Хан отбросил в сторону пропитавшийся кровью марлевый тампон и взял чистый.
— И что же это такое?
— Может, сибирская язва, может, геморрагическая лихорадка... Точно не знаю, но, без сомнения, какой-то смертоносный вирус.
Хан продолжал обрабатывать раны Борна. Пол вокруг них был уже усеян красными от крови кусками марли.
— Для чего ты рассказываешь мне все это? — с нескрываемым подозрением поинтересовался Хан.
— Потому что знаю, каким образом Спалко намеревается использовать это оружие.
Хан на мгновение оторвался от своего занятия и поднял глаза на Борна, а тот, встретившись с ним взглядом, испытал чуть ли не физическую боль. Сделав глубокий вдох, он продолжал:
— Спалко очень ограничен во времени. Он страшно торопился убраться отсюда. Поэтому несложно сделать вывод...
— Антитеррористический саммит в Рейкьявике.
Борн кивнул:
— Это — единственное логичное предположение.

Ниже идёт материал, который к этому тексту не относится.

(* Let $\mathcal{P}=((\mathcal{S},\mathcal{T}),(\mathcal{U},\mathcal{V}))$ be a twin cotorsion pair on a triangulated category $\mathcal{C}$ with associated functor $H\colon\mathcal{C}\to\mathcal{H}/\mathcal{W}$. For any $C\in\mathcal{C}$ the following are equivalent: (1) $H(C)=0$; (2) $\tau^-(C)$ is isomorphic in $\mathcal{C}/\mathcal{W}$ to an object of $\mathcal{U}$; (3) $\tau^+(C)$ is isomorphic in $\mathcal{C}/\mathcal{W}$ to an object of $\mathcal{T}$.
   Context: For full subcategories $\mathcal{X},\mathcal{Y}$, $\mathcal{X}*\mathcal{Y}$ is the full subcategory of objects $C$ admitting a distinguished triangle $X\to C\to Y\to X[1]$ with $X\in\mathcal{X}$, $Y\in\mathcal{Y}$. A cotorsion pair $(\mathcal{A},\mathcal{B})$: full subcategories closed under isomorphisms, finite direct sums and summands with $\mathcal{C}=\mathcal{A}*\mathcal{B}[1]$ and $\mathcal{C}(\mathcal{A},\mathcal{B}[1])=0$. A twin cotorsion pair $((\mathcal{S},\mathcal{T}),(\mathcal{U},\mathcal{V}))$: two cotorsion pairs with $\mathcal{C}(\mathcal{S},\mathcal{V}[1])=0$. Associated data: $\mathcal{W}=\mathcal{U}\cap\mathcal{T}$, $\mathcal{C}^+=\mathcal{W}*\mathcal{V}[1]$, $\mathcal{C}^-=\mathcal{S}[-1]*\mathcal{W}$, $\mathcal{H}=\mathcal{C}^+\cap\mathcal{C}^-$; ideal quotients $\mathcal{C}/\mathcal{W}$, $\mathcal{H}/\mathcal{W}$ by morphisms factoring through objects of $\mathcal{W}$; $\tau^+$ left adjoint of $\mathcal{C}^+/\mathcal{W}\hookrightarrow\mathcal{C}/\mathcal{W}$, $\tau^-$ right adjoint of $\mathcal{C}^-/\mathcal{W}\hookrightarrow\mathcal{C}/\mathcal{W}$ (values of $\tau^\pm$ regarded in $\mathcal{C}/\mathcal{W}$); $H$ is the quotient functor $\mathcal{C}\to\mathcal{C}/\mathcal{W}$ followed by $\tau^+\tau^-$. *)

theory Defs
  imports Main
begin

text \<open>All elements of type 'o are objects.  hom X Y is the set of morphisms X to Y;
cmp g f is the composite g after f.\<close>

record ('o, 'm) tricat =
  hom   :: "'o \<Rightarrow> 'o \<Rightarrow> 'm set"
  cmp   :: "'m \<Rightarrow> 'm \<Rightarrow> 'm"
  idm   :: "'o \<Rightarrow> 'm"
  madd  :: "'m \<Rightarrow> 'm \<Rightarrow> 'm"
  mneg  :: "'m \<Rightarrow> 'm"
  mzero :: "'o \<Rightarrow> 'o \<Rightarrow> 'm"
  shO   :: "'o \<Rightarrow> 'o"
  shM   :: "'m \<Rightarrow> 'm"
  dtri  :: "'o \<Rightarrow> 'o \<Rightarrow> 'o \<Rightarrow> 'm \<Rightarrow> 'm \<Rightarrow> 'm \<Rightarrow> bool"

definition category :: "('o, 'm) tricat \<Rightarrow> bool" where
  "category C \<longleftrightarrow>
     (\<forall>X. idm C X \<in> hom C X X) \<and>
     (\<forall>X Y Z f g. f \<in> hom C X Y \<longrightarrow> g \<in> hom C Y Z \<longrightarrow> cmp C g f \<in> hom C X Z) \<and>
     (\<forall>X Y Z W f g h. f \<in> hom C X Y \<longrightarrow> g \<in> hom C Y Z \<longrightarrow> h \<in> hom C Z W \<longrightarrow>
        cmp C h (cmp C g f) = cmp C (cmp C h g) f) \<and>
     (\<forall>X Y f. f \<in> hom C X Y \<longrightarrow> cmp C f (idm C X) = f \<and> cmp C (idm C Y) f = f)"

definition preadditive :: "('o, 'm) tricat \<Rightarrow> bool" where
  "preadditive C \<longleftrightarrow> category C \<and>
     (\<forall>X Y. mzero C X Y \<in> hom C X Y \<and>
        (\<forall>f\<in>hom C X Y. \<forall>g\<in>hom C X Y. madd C f g \<in> hom C X Y) \<and>
        (\<forall>f\<in>hom C X Y. mneg C f \<in> hom C X Y) \<and>
        (\<forall>f\<in>hom C X Y. \<forall>g\<in>hom C X Y. \<forall>h\<in>hom C X Y.
            madd C (madd C f g) h = madd C f (madd C g h)) \<and>
        (\<forall>f\<in>hom C X Y. \<forall>g\<in>hom C X Y. madd C f g = madd C g f) \<and>
        (\<forall>f\<in>hom C X Y. madd C (mzero C X Y) f = f) \<and>
        (\<forall>f\<in>hom C X Y. madd C (mneg C f) f = mzero C X Y)) \<and>
     (\<forall>X Y Z f1 f2 g. f1 \<in> hom C X Y \<longrightarrow> f2 \<in> hom C X Y \<longrightarrow> g \<in> hom C Y Z \<longrightarrow>
        cmp C g (madd C f1 f2) = madd C (cmp C g f1) (cmp C g f2)) \<and>
     (\<forall>X Y Z f g1 g2. f \<in> hom C X Y \<longrightarrow> g1 \<in> hom C Y Z \<longrightarrow> g2 \<in> hom C Y Z \<longrightarrow>
        cmp C (madd C g1 g2) f = madd C (cmp C g1 f) (cmp C g2 f))"

definition zero_obj :: "('o, 'm) tricat \<Rightarrow> 'o \<Rightarrow> bool" where
  "zero_obj C Z \<longleftrightarrow> idm C Z = mzero C Z Z"

definition is_biproduct :: "('o, 'm) tricat \<Rightarrow> 'o \<Rightarrow> 'o \<Rightarrow> 'o \<Rightarrow> bool" where
  "is_biproduct C X Y B \<longleftrightarrow>
     (\<exists>i1\<in>hom C X B. \<exists>i2\<in>hom C Y B. \<exists>p1\<in>hom C B X. \<exists>p2\<in>hom C B Y.
        cmp C p1 i1 = idm C X \<and> cmp C p2 i2 = idm C Y \<and>
        cmp C p2 i1 = mzero C X Y \<and> cmp C p1 i2 = mzero C Y X \<and>
        madd C (cmp C i1 p1) (cmp C i2 p2) = idm C B)"

definition additive :: "('o, 'm) tricat \<Rightarrow> bool" where
  "additive C \<longleftrightarrow> preadditive C \<and> (\<exists>Z. zero_obj C Z) \<and>
     (\<forall>X Y. \<exists>B. is_biproduct C X Y B)"

definition isomorphism :: "('o, 'm) tricat \<Rightarrow> 'o \<Rightarrow> 'o \<Rightarrow> 'm \<Rightarrow> bool" where
  "isomorphism C X Y f \<longleftrightarrow> f \<in> hom C X Y \<and>
     (\<exists>g\<in>hom C Y X. cmp C g f = idm C X \<and> cmp C f g = idm C Y)"

definition iso :: "('o, 'm) tricat \<Rightarrow> 'o \<Rightarrow> 'o \<Rightarrow> bool" where
  "iso C X Y \<longleftrightarrow> (\<exists>f. isomorphism C X Y f)"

Хан встал, подошел к шлангу, повернул кран и ополоснул руки, глядя, как с них стекает розовая вода, кружась водоворотом, прежде чем исчезнуть в огромной решетке водостока.
— Вероятно, ты прав.
— Я пойду по их следу, — сказал Борн. — Сложив воедино все кусочки головоломки, я понял, что Конклин спрятал Шиффера, а заодно — Вадаса и Молнара потому, что ему стало известно о планах Спалко. В доме Алекса я нашел его блокнот, а в нем — кодовое название этого биораспылителя: NX-20.
— Вот, значит, за что убили Конклина, — понимающе кивнул Хан. — Почему же он не сообщил обо всем, что узнал, в агентство? Уж наверняка такая махина, как ЦРУ, сумела бы лучше позаботиться о докторе Шиффере.